To do: All of the entries must be output exactly as they are.

--- Records supplied Enclosed Below ---

lemma norm_powr_scaleR_strongly_monotone:
  fixes u v :: "'a::real_inner" and \<alpha> :: real
  assumes "0 < \<alpha>"
  shows "norm (u - v) powr (\<alpha> + 2) / 2 powr (\<alpha> + 1)
           \<le> (norm u powr \<alpha> *\<^sub>R u - norm v powr \<alpha> *\<^sub>R v) \<bullet> (u - v)"
proof -
  define P Q d where "P = norm u powr \<alpha>" and "Q = norm v powr \<alpha>" and "d = norm (u - v)"
  have PQ: "0 \<le> P" "0 \<le> Q" by (simp_all add: P_def Q_def)
  have expand: "(P *\<^sub>R u - Q *\<^sub>R v) \<bullet> (u - v)
      = (P + Q) / 2 * d\<^sup>2 + (P - Q) * ((norm u)\<^sup>2 - (norm v)\<^sup>2) / 2"
    by (simp add: d_def power2_norm_eq_inner inner_diff_left inner_diff_right inner_commute field_simps)
  have "0 \<le> (P - Q) * ((norm u)\<^sup>2 - (norm v)\<^sup>2)"
  proof (cases "norm u \<le> norm v")
    case True
    then have "P \<le> Q" and "(norm u)\<^sup>2 \<le> (norm v)\<^sup>2"
      using assms by (simp_all add: P_def Q_def powr_mono2 power_mono)
    then show ?thesis by (simp add: mult_nonpos_nonpos)
  next
    case False
    then have "Q \<le> P" and "(norm v)\<^sup>2 \<le> (norm u)\<^sup>2"
      using assms by (simp_all add: P_def Q_def powr_mono2 power_mono)
    then show ?thesis by simp
  qed
  hence cross: "(P + Q) / 2 * d\<^sup>2 \<le> (P *\<^sub>R u - Q *\<^sub>R v) \<bullet> (u - v)" unfolding expand by simp
  define m where "m = max (norm u) (norm v)"
  have "d \<le> 2 * m"
    using norm_triangle_ineq4[of u v] by (simp add: d_def m_def)
  hence "d powr \<alpha> \<le> (2 * m) powr \<alpha>"
    using assms by (intro powr_mono2) (simp_all add: d_def)
  also have "\<dots> = 2 powr \<alpha> * m powr \<alpha>" by (simp add: powr_mult m_def)
  also have "m powr \<alpha> \<le> P + Q" using PQ by (simp add: m_def max_def P_def Q_def)
  hence "2 powr \<alpha> * m powr \<alpha> \<le> 2 powr \<alpha> * (P + Q)" by simp
  finally have dpow: "d powr \<alpha> \<le> 2 powr \<alpha> * (P + Q)" .
  have "d powr (\<alpha> + 2) / 2 powr (\<alpha> + 1) = d powr \<alpha> * d\<^sup>2 / (2 * 2 powr \<alpha>)"
    by (simp add: powr_add d_def powr_realpow' mult.commute)
  also have "\<dots> \<le> 2 powr \<alpha> * (P + Q) * d\<^sup>2 / (2 * 2 powr \<alpha>)"
    using dpow by (intro divide_right_mono mult_right_mono) simp_all
  also have "\<dots> = (P + Q) / 2 * d\<^sup>2" by simp
  also have "\<dots> \<le> (P *\<^sub>R u - Q *\<^sub>R v) \<bullet> (u - v)" by (rule cross)
  finally show ?thesis by (simp only: P_def Q_def d_def)
qed

lemma trace_dominant_diff_scaleR_mat1:
  fixes A :: "real^'n^'n"
  assumes "0 < mat_trace A" and "(real CARD('n) - c) * (norm A)\<^sup>2 < (mat_trace A)\<^sup>2"
  shows "\<exists>e>0. trace_dominant c (A - e *\<^sub>R mat 1)"
proof -
  define n where "n = real CARD('n)"
  have tr: "((\<lambda>e. mat_trace (A - e *\<^sub>R mat 1)) \<longlongrightarrow> mat_trace A) (at_right 0)"
    unfolding mat_trace_diff_scaleR_mat1 by (auto intro!: tendsto_eq_intros)
  have nrm: "((\<lambda>e. norm (A - e *\<^sub>R mat 1)) \<longlongrightarrow> norm A) (at_right 0)"
    by (auto intro!: tendsto_eq_intros)
  have "((\<lambda>e. (mat_trace (A - e *\<^sub>R mat 1))\<^sup>2 - (n - c) * (norm (A - e *\<^sub>R mat 1))\<^sup>2)
      \<longlongrightarrow> (mat_trace A)\<^sup>2 - (n - c) * (norm A)\<^sup>2) (at_right 0)"
    by (intro tendsto_intros tr nrm)
  hence "\<forall>\<^sub>F e in at_right 0. 0 < (mat_trace (A - e *\<^sub>R mat 1))\<^sup>2 - (n - c) * (norm (A - e *\<^sub>R mat 1))\<^sup>2"
    by (rule order_tendstoD(1)) (use assms(2) in \<open>simp add: n_def\<close>)
  moreover have "\<forall>\<^sub>F e in at_right 0. 0 < mat_trace (A - e *\<^sub>R mat 1)"
    using order_tendstoD(1)[OF tr assms(1)] .
  moreover have "\<forall>\<^sub>F e in at_right (0::real). 0 < e" by (rule eventually_at_right_less)
  ultimately have "\<forall>\<^sub>F e in at_right 0. 0 < e \<and> trace_dominant c (A - e *\<^sub>R mat 1)"
    by eventually_elim (simp add: trace_dominant_def n_def)
  then show ?thesis
    using eventually_happens'[OF trivial_limit_at_right_real] by blast
qed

--- End of Enclosed Records supplied ---

Answer section:
lemma norm_powr_scaleR_strongly_monotone:
  fixes u v :: "'a::real_inner" and \<alpha> :: real
  assumes "0 < \<alpha>"
  shows "norm (u - v) powr (\<alpha> + 2) / 2 powr (\<alpha> + 1)
           \<le> (norm u powr \<alpha> *\<^sub>R u - norm v powr \<alpha> *\<^sub>R v) \<bullet> (u - v)"
proof -
  define P Q d where "P = norm u powr \<alpha>" and "Q = norm v powr \<alpha>" and "d = norm (u - v)"
  have PQ: "0 \<le> P" "0 \<le> Q" by (simp_all add: P_def Q_def)
  have expand: "(P *\<^sub>R u - Q *\<^sub>R v) \<bullet> (u - v)
      = (P + Q) / 2 * d\<^sup>2 + (P - Q) * ((norm u)\<^sup>2 - (norm v)\<^sup>2) / 2"
    by (simp add: d_def power2_norm_eq_inner inner_diff_left inner_diff_right inner_commute field_simps)
  have "0 \<le> (P - Q) * ((norm u)\<^sup>2 - (norm v)\<^sup>2)"
  proof (cases "norm u \<le> norm v")
    case True
    then have "P \<le> Q" and "(norm u)\<^sup>2 \<le> (norm v)\<^sup>2"
      using assms by (simp_all add: P_def Q_def powr_mono2 power_mono)
    then show ?thesis by (simp add: mult_nonpos_nonpos)
  next
    case False
    then have "Q \<le> P" and "(norm v)\<^sup>2 \<le> (norm u)\<^sup>2"
      using assms by (simp_all add: P_def Q_def powr_mono2 power_mono)
    then show ?thesis by simp
  qed
  hence cross: "(P + Q) / 2 * d\<^sup>2 \<le> (P *\<^sub>R u - Q *\<^sub>R v) \<bullet> (u - v)" unfolding expand by simp
  define m where "m = max (norm u) (norm v)"
  have "d \<le> 2 * m"
    using norm_triangle_ineq4[of u v] by (simp add: d_def m_def)
  hence "d powr \<alpha> \<le> (2 * m) powr \<alpha>"
    using assms by (intro powr_mono2) (simp_all add: d_def)
  also have "\<dots> = 2 powr \<alpha> * m powr \<alpha>" by (simp add: powr_mult m_def)
  also have "m powr \<alpha> \<le> P + Q" using PQ by (simp add: m_def max_def P_def Q_def)
  hence "2 powr \<alpha> * m powr \<alpha> \<le> 2 powr \<alpha> * (P + Q)" by simp
  finally have dpow: "d powr \<alpha> \<le> 2 powr \<alpha> * (P + Q)" .
  have "d powr (\<alpha> + 2) / 2 powr (\<alpha> + 1) = d powr \<alpha> * d\<^sup>2 / (2 * 2 powr \<alpha>)"
    by (simp add: powr_add d_def powr_realpow' mult.commute)
  also have "\<dots> \<le> 2 powr \<alpha> * (P + Q) * d\<^sup>2 / (2 * 2 powr \<alpha>)"
    using dpow by (intro divide_right_mono mult_right_mono) simp_all
  also have "\<dots> = (P + Q) / 2 * d\<^sup>2" by simp
  also have "\<dots> \<le> (P *\<^sub>R u - Q *\<^sub>R v) \<bullet> (u - v)" by (rule cross)
  finally show ?thesis by (simp only: P_def Q_def d_def)
qed

lemma trace_dominant_diff_scaleR_mat1:
  fixes A :: "real^'n^'n"
  assumes "0 < mat_trace A" and "(real CARD('n) - c) * (norm A)\<^sup>2 < (mat_trace A)\<^sup>2"
  shows "\<exists>e>0. trace_dominant c (A - e *\<^sub>R mat 1)"
proof -
  define n where "n = real CARD('n)"
  have tr: "((\<lambda>e. mat_trace (A - e *\<^sub>R mat 1)) \<longlongrightarrow> mat_trace A) (at_right 0)"
    unfolding mat_trace_diff_scaleR_mat1 by (auto intro!: tendsto_eq_intros)
  have nrm: "((\<lambda>e. norm (A - e *\<^sub>R mat 1)) \<longlongrightarrow> norm A) (at_right 0)"
    by (auto intro!: tendsto_eq_intros)
  have "((\<lambda>e. (mat_trace (A - e *\<^sub>R mat 1))\<^sup>2 - (n - c) * (norm (A - e *\<^sub>R mat 1))\<^sup>2)
      \<longlongrightarrow> (mat_trace A)\<^sup>2 - (n - c) * (norm A)\<^sup>2) (at_right 0)"
    by (intro tendsto_intros tr nrm)
  hence "\<forall>\<^sub>F e in at_right 0. 0 < (mat_trace (A - e *\<^sub>R mat 1))\<^sup>2 - (n - c) * (norm (A - e *\<^sub>R mat 1))\<^sup>2"
    by (rule order_tendstoD(1)) (use assms(2) in \<open>simp add: n_def\<close>)
  moreover have "\<forall>\<^sub>F e in at_right 0. 0 < mat_trace (A - e *\<^sub>R mat 1)"
    using order_tendstoD(1)[OF tr assms(1)] .
  moreover have "\<forall>\<^sub>F e in at_right (0::real). 0 < e" by (rule eventually_at_right_less)
  ultimately have "\<forall>\<^sub>F e in at_right 0. 0 < e \<and> trace_dominant c (A - e *\<^sub>R mat 1)"
    by eventually_elim (simp add: trace_dominant_def n_def)
  then show ?thesis
    using eventually_happens'[OF trivial_limit_at_right_real] by blast
qed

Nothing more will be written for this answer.